- Data for this exercise -
(* Assume the setting in the context. For an integer $r\ge1$, if the $r$th central moment of $\hat\theta_i(z,\omega)$ exists, then \[ \mathbb E\bigl|\hat\theta_i(z,\omega)-\theta_i(\tilde y_i)\bigr|^r\le\bigl(2\|\tilde y_i\|_p\|\psi_i\|_q\bigr)^r \] for any $p,q\in[1,\infty]$ with $1/p+1/q=1/r$. In particular, for $r=2$, \[ \mathbb E\bigl[\hat\theta_i(z,\omega)-\theta_i(\tilde y_i)\bigr]^2\le\|\tilde y_i\|_p^2\|\psi_i\|_q^2 \] for any $p,q\in[1,\infty]$ with $1/p+1/q=1/2$. (These inequalities hold trivially if $\|\tilde y_i\|_p$ or $\|\psi_i\|_q$ is infinite.)
   Context: Let $(\Omega,\mathcal F,P)$ be a probability space (latent environment) and $\mathcal Z$ a measurable space of treatment assignments with a known randomisation probability measure $\mu$. The potential outcome of unit $i$ is a measurable map $\tilde y_i:\mathcal Z\times\Omega\to\mathbb R$ of the form $\tilde y_i(z,\omega)=y_i(z,x_i(\omega),\epsilon_i(\omega))$ with $y_i,x_i,\epsilon_i$ measurable. For $p\ge1$, $\|u\|_p=(\int|u(z,\omega)|^p\mu(\mathrm dz)P(\mathrm d\omega))^{1/p}$ (with the essential supremum for $p=\infty$); $\mathbb E$ denotes expectation with respect to $\mu(\mathrm dz)P(\mathrm d\omega)$. $\tilde y_i$ lies in a model space $\mathcal M_i\subset L^2(\mathcal Z\times\Omega)$ (taken closed) with inner product $\langle u,v\rangle=\mathbb E[uv]$. The treatment effect $\theta_i$ is a continuous linear functional on $\mathcal M_i$ with Riesz representer $\psi_i\in\mathcal M_i$, i.e. $\theta_i(u)=\langle u,\psi_i\rangle$ for all $u\in\mathcal M_i$. The Riesz estimator is $\hat\theta_i(z,\omega)=\tilde y_i(z,\omega)\psi_i(z,\omega)$. *)

theory Defs
  imports "HOL-Probability.Probability"
begin

definition lp_norm :: "'a measure \<Rightarrow> ennreal \<Rightarrow> ('a \<Rightarrow> real) \<Rightarrow> ennreal" where
  "lp_norm M p u =
     (if p = \<infinity> then esssup M (\<lambda>x. ennreal \<bar>u x\<bar>)
      else (let I = (\<integral>\<^sup>+ x. ennreal (\<bar>u x\<bar> powr enn2real p) \<partial>M)
            in if I = \<infinity> then \<infinity> else ennreal (enn2real I powr (1 / enn2real p))))"

end

theory Submission
  imports Defs
begin

text \<open>By the Riesz property the estimator X = ytil \<psi> has mean \<theta>(ytil). Convexity of |x|^r and
  Jensen's inequality give E|X - E X|^r \<le> 2^r E|X|^r (for r = 2 simply Var X \<le> E X^2), and
  E|X|^r \<le> (\<parallel>ytil\<parallel>_p \<parallel>\<psi>\<parallel>_q)^r is the generalised Hoelder inequality, obtained from the classical
  one applied to |ytil|^r and |\<psi>|^r with the conjugate exponents p/r and q/r.\<close>

lemma lp_norm_ennreal:
  assumes "p > 0"
  shows "lp_norm M (ennreal p) u =
    (let I = \<integral>\<^sup>+ x. ennreal (\<bar>u x\<bar> powr p) \<partial>M in
     if I = \<infinity> then \<infinity> else ennreal (enn2real I powr (1 / p)))"
  using assms by (simp add: lp_norm_def Let_def)

lemma lp_norm_one: "lp_norm M 1 u = (\<integral>\<^sup>+ x. ennreal \<bar>u x\<bar> \<partial>M)"
  by (simp add: lp_norm_def Let_def ennreal_enn2real_if)

lemma AE_eq_0_if_lp_norm_eq_0:
  assumes "p > 0" "u \<in> borel_measurable M" "lp_norm M (ennreal p) u = 0"
  shows "AE x in M. u x = 0"
proof -
  have "(\<integral>\<^sup>+ x. ennreal (\<bar>u x\<bar> powr p) \<partial>M) = 0"
    using assms by (auto simp: lp_norm_ennreal Let_def enn2real_eq_0_iff split: if_splits)
  then have "AE x in M. ennreal (\<bar>u x\<bar> powr p) = 0"
    using assms(2) by (simp add: nn_integral_0_iff_AE)
  then show ?thesis by eventually_elim simp
qed

lemma lp_norm_abs_power:
  assumes "p > 0" "r \<ge> 1"
  shows "lp_norm M (ennreal (p / r)) (\<lambda>x. \<bar>u x\<bar> ^ r) = lp_norm M (ennreal p) u ^ r"
proof -
  define I where "I = (\<integral>\<^sup>+ x. ennreal (\<bar>u x\<bar> powr p) \<partial>M)"
  have "\<bar>\<bar>a\<bar> ^ r\<bar> powr (p / r) = \<bar>a\<bar> powr p" for a :: real
    using assms by (simp add: powr_realpow' [symmetric] powr_powr)
  then have "lp_norm M (ennreal (p / r)) (\<lambda>x. \<bar>u x\<bar> ^ r) =
      (if I = \<infinity> then \<infinity> else ennreal (enn2real I powr (r / p)))"
    using assms by (simp add: lp_norm_ennreal I_def)
  moreover have "enn2real I powr (r / p) = (enn2real I powr (1 / p)) ^ r"
    using assms by (cases "enn2real I = 0") (auto simp: powr_power)
  ultimately show ?thesis
    using assms by (simp add: lp_norm_ennreal I_def[symmetric] ennreal_power)
qed

lemma nn_integral_abs_power_eq_lp_norm:
  assumes "r \<ge> 1"
  shows "(\<integral>\<^sup>+ x. ennreal (\<bar>u x\<bar> ^ r) \<partial>M) = lp_norm M (of_nat r) u ^ r"
  using lp_norm_abs_power[of "real r" r M u] lp_norm_one[of M "\<lambda>x. \<bar>u x\<bar> ^ r"] assms
  by (simp add: ennreal_of_nat_eq_real_of_nat)

lemma Youngs_inequality_scaled:
  fixes a b A B p q :: real
  assumes "p > 1" "q > 1" "1/p + 1/q = 1" "A > 0" "B > 0"
  shows "\<bar>a * b\<bar> \<le> A * B * (\<bar>a\<bar> powr p / (p * A powr p) + \<bar>b\<bar> powr q / (q * B powr q))"
proof -
  have "(\<bar>a\<bar> / A) * (\<bar>b\<bar> / B) \<le> (\<bar>a\<bar> / A) powr p / p + (\<bar>b\<bar> / B) powr q / q"
    using assms by (intro Youngs_inequality) auto
  then show ?thesis
    using assms by (simp add: powr_divide abs_mult field_simps)
qed

lemma nn_integral_abs_mult_le_lp_norm:
  fixes f g :: "'a \<Rightarrow> real" and p q :: real
  assumes pq: "p > 1" "q > 1" "1/p + 1/q = 1"
    and [measurable]: "f \<in> borel_measurable M" "g \<in> borel_measurable M"
  shows "(\<integral>\<^sup>+ x. ennreal \<bar>f x * g x\<bar> \<partial>M) \<le> lp_norm M (ennreal p) f * lp_norm M (ennreal q) g"
proof (cases "lp_norm M (ennreal p) f = 0 \<or> lp_norm M (ennreal q) g = 0")
  case True
  then have "AE x in M. f x * g x = 0"
    using pq AE_eq_0_if_lp_norm_eq_0[of p f M] AE_eq_0_if_lp_norm_eq_0[of q g M]
    by (auto elim: eventually_mono)
  then have "(\<integral>\<^sup>+ x. ennreal \<bar>f x * g x\<bar> \<partial>M) = 0"
    by (simp add: nn_integral_0_iff_AE)
  then show ?thesis by simp
next
  case nonzero: False
  define F where "F = (\<integral>\<^sup>+ x. ennreal (\<bar>f x\<bar> powr p) \<partial>M)"
  define G where "G = (\<integral>\<^sup>+ x. ennreal (\<bar>g x\<bar> powr q) \<partial>M)"
  show ?thesis
  proof (cases "F = \<infinity> \<or> G = \<infinity>")
    case True
    then have "lp_norm M (ennreal p) f * lp_norm M (ennreal q) g = \<infinity>"
      using nonzero pq by (auto simp: lp_norm_ennreal F_def[symmetric] G_def[symmetric] ennreal_mult_eq_top_iff)
    then show ?thesis by simp
  next
    case False
    define A where "A = enn2real F powr (1/p)"
    define B where "B = enn2real G powr (1/q)"
    have norms: "lp_norm M (ennreal p) f = ennreal A" "lp_norm M (ennreal q) g = ennreal B"
      using False pq by (simp_all add: lp_norm_ennreal A_def B_def F_def[symmetric] G_def[symmetric])
    then have AB: "A > 0" "B > 0"
      using nonzero by (auto simp: A_def B_def)
    have F: "F = ennreal (A powr p)" and G: "G = ennreal (B powr q)"
      using False pq by (simp_all add: A_def B_def powr_powr ennreal_enn2real_if top.not_eq_extremum)
    have "(\<integral>\<^sup>+ x. ennreal \<bar>f x * g x\<bar> \<partial>M) \<le>
        (\<integral>\<^sup>+ x. ennreal (A * B / (p * A powr p)) * ennreal (\<bar>f x\<bar> powr p)
               + ennreal (A * B / (q * B powr q)) * ennreal (\<bar>g x\<bar> powr q) \<partial>M)"
      using Youngs_inequality_scaled[OF pq AB] pq AB
      by (intro nn_integral_mono) (auto simp: ring_distribs simp flip: ennreal_mult ennreal_plus)
    also have "\<dots> = ennreal (A * B / (p * A powr p)) * F + ennreal (A * B / (q * B powr q)) * G"
      by (simp add: F_def G_def nn_integral_add nn_integral_cmult)
    also have "\<dots> = ennreal (A * B * (1/p + 1/q))"
      using pq AB by (simp add: F G ring_distribs field_simps flip: ennreal_mult ennreal_plus)
    finally show ?thesis
      using pq AB by (simp add: norms flip: ennreal_mult)
  qed
qed

lemma nn_integral_abs_mult_power_le_esssup:
  fixes f g :: "'a \<Rightarrow> real"
  assumes "g \<in> borel_measurable M" "r \<ge> 1"
  shows "(\<integral>\<^sup>+ x. ennreal (\<bar>f x * g x\<bar> ^ r) \<partial>M) \<le> (lp_norm M \<infinity> f * lp_norm M (of_nat r) g) ^ r"
proof -
  define S where "S = esssup M (\<lambda>x. ennreal \<bar>f x\<bar>)"
  have "AE x in M. ennreal \<bar>f x\<bar> \<le> S"
    unfolding S_def by (rule esssup_AE)
  then have "AE x in M. ennreal (\<bar>f x * g x\<bar> ^ r) \<le> S ^ r * ennreal (\<bar>g x\<bar> ^ r)"
  proof eventually_elim
    case (elim x)
    have "ennreal (\<bar>f x * g x\<bar> ^ r) = ennreal \<bar>f x\<bar> ^ r * ennreal (\<bar>g x\<bar> ^ r)"
      by (simp add: abs_mult power_mult_distrib ennreal_mult ennreal_power)
    also have "\<dots> \<le> S ^ r * ennreal (\<bar>g x\<bar> ^ r)"
      using elim by (intro mult_right_mono power_mono) auto
    finally show ?case .
  qed
  then have "(\<integral>\<^sup>+ x. ennreal (\<bar>f x * g x\<bar> ^ r) \<partial>M) \<le> (\<integral>\<^sup>+ x. S ^ r * ennreal (\<bar>g x\<bar> ^ r) \<partial>M)"
    by (rule nn_integral_mono_AE)
  also have "\<dots> = S ^ r * lp_norm M (of_nat r) g ^ r"
    using assms by (simp add: nn_integral_cmult nn_integral_abs_power_eq_lp_norm)
  finally show ?thesis
    by (simp add: S_def lp_norm_def power_mult_distrib)
qed

lemma ennreal_inverse_eq_iff: "inverse (x :: ennreal) = inverse y \<longleftrightarrow> x = y"
  by (metis divide_ennreal_def one_divide_one_divide_ennreal)

lemma Holder_exponent_cases:
  fixes p q :: ennreal
  assumes pq: "inverse p + inverse q = inverse (of_nat r)" and r: "r \<ge> 1"
  obtains "p = \<infinity>" "q = of_nat r"
    | "q = \<infinity>" "p = of_nat r"
    | p' q' where "p = ennreal p'" "q = ennreal q'" "r < p'" "r < q'" "1/p' + 1/q' = 1/r"
proof -
  have inv_r: "inverse (of_nat r :: ennreal) = ennreal (1 / r)"
    using r by (simp add: ennreal_of_nat_eq_real_of_nat inverse_ennreal divide_inverse)
  have "p \<noteq> 0" "q \<noteq> 0"
    using pq by (auto simp: inv_r)
  show thesis
  proof (cases p rule: ennreal_cases)
    case top
    then show thesis
      using pq that(1) by (simp add: ennreal_inverse_eq_iff)
  next
    case p_fin: (real p')
    show thesis
    proof (cases q rule: ennreal_cases)
      case top
      then show thesis
        using pq that(2) by (simp add: ennreal_inverse_eq_iff)
    next
      case q_fin: (real q')
      have "p' > 0" "q' > 0"
        using \<open>p \<noteq> 0\<close> \<open>q \<noteq> 0\<close> p_fin q_fin by auto
      then have sum: "1/p' + 1/q' = 1/r"
        using pq p_fin q_fin r
        by (simp add: inv_r inverse_ennreal divide_inverse flip: ennreal_plus)
      moreover have "1/p' < 1/r" "1/q' < 1/r"
        using sum \<open>p' > 0\<close> \<open>q' > 0\<close> by (simp_all add: add_pos_pos flip: sum)
      ultimately have "r < p'" "r < q'"
        using \<open>p' > 0\<close> \<open>q' > 0\<close> r by (simp_all add: divide_less_eq)
      then show thesis
        using that(3) p_fin q_fin sum by blast
    qed
  qed
qed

- What the task requires -
In the data above, which lines have "ultimately"? Report each of them.

- Written reply -
  ultimately show ?thesis
      ultimately have "r < p'" "r < q'"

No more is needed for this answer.